On Scars, Massages & Healing
Posted by Sandy in Freedom, Spiritual Maturity, suffering, Trials, Trusting God, tags: GalatiansBeing a Doctor Must be Strange!
I think being a doctor must be quite strange – in order to bring healing, the MD almost always has to damage perfectly healthy body parts. I’ve had healthy skin and muscles cut through to reach areas that require healing. I’ve had perfectly good bones drilled through so they could be connected to broken ones. (Do aspiring doctors really dream about using power tools?) In all cases, my body has developed scar tissue as a part of the healing process. I also have my share of scars from much more minor injuries sustained throughout my life.
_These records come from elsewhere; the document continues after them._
(* The maps $\mu^\bullet X$ do not satisfy the monad associativity law on the whole capacity functor: there exist a compactum $X$ and a capacity $\gimel\in M(M(MX))$ such that $$\mu^\bullet X\circ \mu^\bullet (MX)(\gimel)\neq \mu^\bullet X\circ M(\mu^\bullet X)(\gimel).$$ (In fact one can take $X=\{a,b\}$ to be the two-point discrete space; the two sides then differ on the closed set $\{a\}$.)
   Context: A compactum is a compact Hausdorff space; $I=[0,1]$; $\mathcal F(X)$ denotes the family of closed subsets of $X$. An (upper-semicontinuous) capacity on a compactum $X$ is a function $\nu:\mathcal F(X)\to I$ such that: (1) $\nu(X)=1$, $\nu(\emptyset)=0$; (2) if $F\subset G$ then $\nu(F)\le\nu(G)$; (3) if $\nu(F)<a$ then there is an open set $O\supset F$ with $\nu(B)<a$ for every closed $B\subset O$. For open $U\subset X$ one puts $\nu(U)=\sup\{\nu(K): K\text{ closed},\ K\subset U\}$. $MX$ is the set of all capacities on $X$, topologized by the subbase consisting of the sets $\{c\in MX: c(F)<a\}$ ($F$ closed, $a\in I$) and $\{c\in MX: c(U)>a\}$ ($U$ open, $a\in I$); with this topology $MX$ is a compactum. For a continuous map $f:X\to Y$ of compacta, $Mf:MX\to MY$ is $Mf(c)(F)=c(f^{-1}(F))$. For a closed $F\subset X$ and $t\in I$ put $F_t=\{c\in MX: c(F)\ge t\}$, a closed subset of $MX$. The map $\mu^\bullet X: M(MX)\to MX$ is defined by $\mu^\bullet X(\mathcal C)(F)=\max\{\mathcal C(F_t)\cdot t: t\in(0,1]\}$ for $\mathcal C\in M(MX)$ and closed $F\subset X$ (the maximum exists). *)

theory Defs
  imports "HOL-Analysis.Analysis"
begin

definition compactum :: "'a topology \<Rightarrow> bool" where
  "compactum X \<longleftrightarrow> compact_space X \<and> Hausdorff_space X"

text \<open>Capacities on X, represented as functions on subsets of the carrier that are
  meaningful on closed sets only; normalised to 0 on non-closed sets so that
  every capacity has a unique representative.\<close>
definition capacity :: "'a topology \<Rightarrow> ('a set \<Rightarrow> real) \<Rightarrow> bool" where
  "capacity X c \<longleftrightarrow>
     (\<forall>S. \<not> closedin X S \<longrightarrow> c S = 0) \<and>
     (\<forall>F. closedin X F \<longrightarrow> 0 \<le> c F \<and> c F \<le> 1) \<and>
     c (topspace X) = 1 \<and> c {} = 0 \<and>
     (\<forall>F G. closedin X F \<and> closedin X G \<and> F \<subseteq> G \<longrightarrow> c F \<le> c G) \<and>
     (\<forall>F a. closedin X F \<and> c F < a \<longrightarrow>
        (\<exists>W. openin X W \<and> F \<subseteq> W \<and> (\<forall>B. closedin X B \<and> B \<subseteq> W \<longrightarrow> c B < a)))"

definition caps :: "'a topology \<Rightarrow> ('a set \<Rightarrow> real) set" where
  "caps X = {c. capacity X c}"

definition cap_open :: "'a topology \<Rightarrow> ('a set \<Rightarrow> real) \<Rightarrow> 'a set \<Rightarrow> real" where
  "cap_open X c U = Sup {c K | K. closedin X K \<and> K \<subseteq> U}"

definition cap_top :: "'a topology \<Rightarrow> ('a set \<Rightarrow> real) topology" where
  "cap_top X = topology_generated_by
     ({caps X} \<union>
      {{c \<in> caps X. c F < a} | F a. closedin X F \<and> 0 \<le> a \<and> a \<le> 1} \<union>
      {{c \<in> caps X. cap_open X c U > a} | U a. openin X U \<and> 0 \<le> a \<and> a \<le> 1})"

definition cap_map :: "'a topology \<Rightarrow> 'b topology \<Rightarrow> ('a \<Rightarrow> 'b) \<Rightarrow> ('a set \<Rightarrow> real) \<Rightarrow> ('b set \<Rightarrow> real)" where
  "cap_map X Y f c = (\<lambda>F. if closedin Y F then c (f -` F \<inter> topspace X) else 0)"

definition cap_level :: "'a topology \<Rightarrow> 'a set \<Rightarrow> real \<Rightarrow> ('a set \<Rightarrow> real) set" where
  "cap_level X F t = {c \<in> caps X. c F \<ge> t}"

text \<open>The map mu-bullet X from M(MX) to MX (the max exists, so it equals the sup).\<close>
definition mu_bullet :: "'a topology \<Rightarrow> (('a set \<Rightarrow> real) set \<Rightarrow> real) \<Rightarrow> ('a set \<Rightarrow> real)" where
  "mu_bullet X C = (\<lambda>F. if closedin X F
      then Sup {C (cap_level X F t) * t | t. t \<in> {0<..1}} else 0)"

end

theory Submission
  imports Defs
begin

text \<open>Let \<open>X = {0, 1}\<close> and let \<open>c\<^sub>s\<close> be the capacity with \<open>c\<^sub>s{0} = s\<close>, \<open>c\<^sub>s{1} = 0\<close>.
  Take \<open>\<C>\<^sub>1 = \<delta>(c\<^sub>1\<^sub>/\<^sub>2)\<close>, \<open>\<C>\<^sub>2 = max(\<delta>(c\<^sub>0), \<delta>(c\<^sub>1)/2)\<close> in \<open>M(MX)\<close>, and let \<open>\<G>\<close> be the
  capacity on \<open>M(MX)\<close> that is 1 exactly on closed sets containing both. Then \<open>\<mu>\<^sup>\<bullet>(MX)(\<G>)\<close>
  only sees \<open>min(\<C>\<^sub>1, \<C>\<^sub>2)\<close>, which on the levels \<open>{0}\<^sub>u\<close> is at most \<open>1/2\<close> and vanishes for
  \<open>u > 1/2\<close>, so the left-hand side gives \<open>{0}\<close> at most \<open>1/4\<close>. On the other hand
  \<open>\<mu>\<^sup>\<bullet>X(\<C>\<^sub>1){0}\<close> and \<open>\<mu>\<^sup>\<bullet>X(\<C>\<^sub>2){0}\<close> are both \<open>1/2\<close>, so \<open>M(\<mu>\<^sup>\<bullet>X)(\<G>)\<close> gives the level
  \<open>{0}\<^sub>1\<^sub>/\<^sub>2\<close> mass 1 (its preimage is closed because \<open>\<mu>\<^sup>\<bullet>X\<close> is upper semicontinuous), and the
  right-hand side gives \<open>{0}\<close> at least \<open>1/2\<close>.\<close>

section \<open>The topology on capacities\<close>

lemma topspace_cap_top [simp]: "topspace (cap_top X) = caps X"
  unfolding cap_top_def by auto

lemma openin_cap_top_caps [simp]: "openin (cap_top X) (caps X)"
  using openin_topspace[of "cap_top X"] by simp

lemma capsD:
  assumes "c \<in> caps X"
  shows "\<And>S. \<not> closedin X S \<Longrightarrow> c S = 0"
    and "\<And>F. closedin X F \<Longrightarrow> 0 \<le> c F" and "\<And>F. closedin X F \<Longrightarrow> c F \<le> 1"
    and "c (topspace X) = 1" and "c {} = 0"
    and "\<And>F G. closedin X F \<Longrightarrow> closedin X G \<Longrightarrow> F \<subseteq> G \<Longrightarrow> c F \<le> c G"
    and "\<And>F a. closedin X F \<Longrightarrow> c F < a \<Longrightarrow>
           \<exists>W. openin X W \<and> F \<subseteq> W \<and> (\<forall>B. closedin X B \<and> B \<subseteq> W \<longrightarrow> c B < a)"
  using assms unfolding caps_def capacity_def by auto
There’s one scar on my hand that makes me smile every time I see it because it’s a reminder of a wonderful vacation I had in Cozumel. On the first day, though, I brushed my hand across the back of a wicker chair and scratched it. Why I still have a scar from what I really don’t remember as much of an injury, I don’t know, but it helps me remember the vacation wonderful fondly.
My Elbow Story
I also have a scar on my arm that represents a thoroughly unpleasant experience – I shattered my elbow about fifteen years ago. That was one of those times the doctor had to cut through perfectly healthy skin and muscle and drill holes in healthy bone to secure pieces of bone together. It’s a pretty big and obvious scar. Yet in the midst of the very painful recover, I experienced God more strongly than I ever have in my life. The scar is a reminder of that time, and also of the miracle He did in healing the elbow well beyond what several doctors said it would heal.
To me, these two scars are like the stones that the Israelites would pile up as a remembrance of something the Lord has done.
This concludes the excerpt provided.